**Work order:** Give back the lines of the records exactly, starting at the first and ending at the one with "P \<le> card".

═════ Data for analysis

lemma finite_Zring_bounded:
  fixes \<gamma> w :: complex and P :: "int poly"
  assumes P: "lead_coeff P = 1" "ipoly P \<gamma> = 0" "ipoly P w = 0"
    and deg: "degree P \<le> card {\<gamma>, cnj \<gamma>, w, cnj w}"
    and \<phi>: "\<forall>q. \<phi> (ipoly q \<gamma>) = ipoly q w"
  shows "finite {x \<in> Zring \<gamma>. norm x \<le> r \<and> norm (\<phi> x) \<le> s}"
proof -
  define N where "N = {\<gamma>, cnj \<gamma>, w, cnj w}"
  obtain K where K: "\<And>Q M j. degree Q < card N \<Longrightarrow> (\<forall>a\<in>N. norm (poly Q a) \<le> M) \<Longrightarrow>
                               norm (coeff Q j) \<le> K * M"
    using coeff_bounded_by_values[of N] by (auto simp: N_def)
  define T where "T = {t :: int poly. degree t < degree P \<and> (\<forall>j. \<bar>coeff t j\<bar> \<le> \<lceil>K * max r s\<rceil>)}"
  have "{x \<in> Zring \<gamma>. norm x \<le> r \<and> norm (\<phi> x) \<le> s} \<subseteq> (\<lambda>t. ipoly t \<gamma>) ` T"
    unfolding Zring_def
  proof safe
    fix q assume r: "norm (ipoly q \<gamma>) \<le> r" and s: "norm (\<phi> (ipoly q \<gamma>)) \<le> s"
    have "\<And>x. x \<in> {\<gamma>, w} \<Longrightarrow> ipoly P x = 0"
      using P by auto
    then obtain t where "degree t < degree P" "\<And>x. x \<in> {\<gamma>, w} \<Longrightarrow> ipoly t x = ipoly q x"
      using reduce_mod_monic_int_poly[OF P(1)] by blast
    then have t: "degree t < degree P" "ipoly t \<gamma> = ipoly q \<gamma>" "ipoly t w = ipoly q w"
      by simp_all
    have "\<forall>a\<in>N. norm (ipoly t a) \<le> max r s"
      using r s t \<phi> by (auto simp: N_def ipoly_cnj)
    then have coeff_bound: "real_of_int \<bar>coeff t j\<bar> \<le> K * max r s" for j
      using K[of "map_poly of_int t"] t(1) deg by (simp add: coeff_map_poly N_def)
    have "\<bar>coeff t j\<bar> \<le> \<lceil>K * max r s\<rceil>" for j
      using coeff_bound[of j] unfolding le_ceiling_iff by linarith
    then have "t \<in> T"
      using t(1) by (simp add: T_def)
    with t(2) show "ipoly q \<gamma> \<in> (\<lambda>t. ipoly t \<gamma>) ` T"
      by (metis image_eqI)
  qed
  moreover have "finite T"
    unfolding T_def by (rule finite_int_polys_bounded)
  ultimately show ?thesis
    using finite_subset by blast
qed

══════════

**Output for this exercise:**
lemma finite_Zring_bounded:
  fixes \<gamma> w :: complex and P :: "int poly"
  assumes P: "lead_coeff P = 1" "ipoly P \<gamma> = 0" "ipoly P w = 0"
    and deg: "degree P \<le> card {\<gamma>, cnj \<gamma>, w, cnj w}"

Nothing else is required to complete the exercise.